Has your subject matter always veered toward criticism of the establishment?

The world is too complex to be so limited.  I painted over 200 portraits in 6 1/2 years, sunsets on a Caribbean Island called, Culebra, off of Puerto Rico, where we spent winters, many other things that bespeak of the fullness and beauty of the landscape and our beautiful, but endangered, planet.  But, no matter what I paint, I think the fury and passion is always apparent in the slashing calligraphy and urgent gesture.  I am who I am and it will come thru with each stroke and every line.  Blocking it is the end.

You are going to have two shows up in South Florida during Art Basel. What are you going to exhibit at the Dorsch Gallery next month?
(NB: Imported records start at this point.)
lemma countable_rational_span:
  fixes W :: "'x::real_vector set"
  assumes "countable W"
  obtains Q where "countable Q" and "W \<subseteq> Q" and "0 \<in> Q"
    and "\<And>a b r. a \<in> Q \<Longrightarrow> b \<in> Q \<Longrightarrow> a + of_rat r *\<^sub>R b \<in> Q"
proof
  define F :: "'x \<times> 'x \<times> rat \<Rightarrow> 'x" where "F = (\<lambda>(a, b, r). a + of_rat r *\<^sub>R b)"
  define Qs where "Qs = rec_nat (insert 0 W) (\<lambda>_ S. F ` (S \<times> S \<times> UNIV))"
  have Qs0: "Qs 0 = insert 0 W" and QsS: "Qs (Suc k) = F ` (Qs k \<times> Qs k \<times> UNIV)" for k
    by (simp_all add: Qs_def)
  have "countable (Qs k)" for k
    by (induction k) (use assms in \<open>simp_all add: Qs0 QsS\<close>)
  then show "countable (\<Union>k. Qs k)" by auto
  show "W \<subseteq> (\<Union>k. Qs k)" "0 \<in> (\<Union>k. Qs k)" using Qs0 by auto
  have "a \<in> Qs (Suc k)" if "a \<in> Qs k" for a k
    using image_eqI[of a F "(a, a, 0)"] that by (simp add: QsS F_def)
  then have mono: "Qs i \<subseteq> Qs j" if "i \<le> j" for i j
    using lift_Suc_mono_le[of Qs, OF _ that] by blast
  fix a b r assume "a \<in> (\<Union>k. Qs k)" "b \<in> (\<Union>k. Qs k)"
  then obtain i j where "a \<in> Qs i" "b \<in> Qs j" by blast
  then have "a \<in> Qs (max i j)" "b \<in> Qs (max i j)" using mono[of i "max i j"] mono[of j "max i j"] by auto
  then have "F (a, b, r) \<in> Qs (Suc (max i j))" by (simp add: QsS)
  then show "a + of_rat r *\<^sub>R b \<in> (\<Union>k. Qs k)" by (auto simp: F_def)
qed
I shall be showing 36 paintings from two series, Weather Patterns" and "Paint" at the Brook Dorsch Gallery in Wynwood, both executed in the past 2 or three years.  In "Paint" I am simply decrying the avante garde mantra that "painting is dead."  By referencing a few past greats, overlapped by this painter's work habits and methods, I hope to bring renewed life to a very much alive history. That word again. Painting is dead; long live painting.  Some friends and colleagues have said that the smaller group of paintings, "Weather Patterns," brings to bear the precariousness of the fledgling Obama administration's attempted resurrection from the Bush years.  I know they are about precariousness but, while they may have something to do with the present political arena, I know that they have much to do with the overall frightening picture, climate change, the air we breathe, the water we drink, and the constant, daily struggle of chance.

Many younger artists steer clear of tackling political issues in their work these days. Do you consider yourself as much an activist as a painter?

I am an artist who remains aware of the world.  There are many young artists who are, in untold ways, tackling political issues.  Perhaps not enough. But, one thing I have tried to do in my own work is to make art the dominant force, not overt politics as such.  The world is much too complex to stay in the realm of propaganda.  Art must be the dominant factor, always. And, then, it will have meaning.

You are in your eighties and still teach and paint. How often do you make it to the studio these days?

I am 87. The Frost and Dorsch shows will be my 130th and 131st solo exhibitions.  I still have much to say before they shovel dirt in my face; I am in the studio 24-7, embarking, hopefully, on a new series, that may or may not come to fruition.  If not, hopefully, there will be others.   I teach Graduate Seminar at the University of Florida in Gainesville where I was recently awarded an Honorary Doctorate in Art.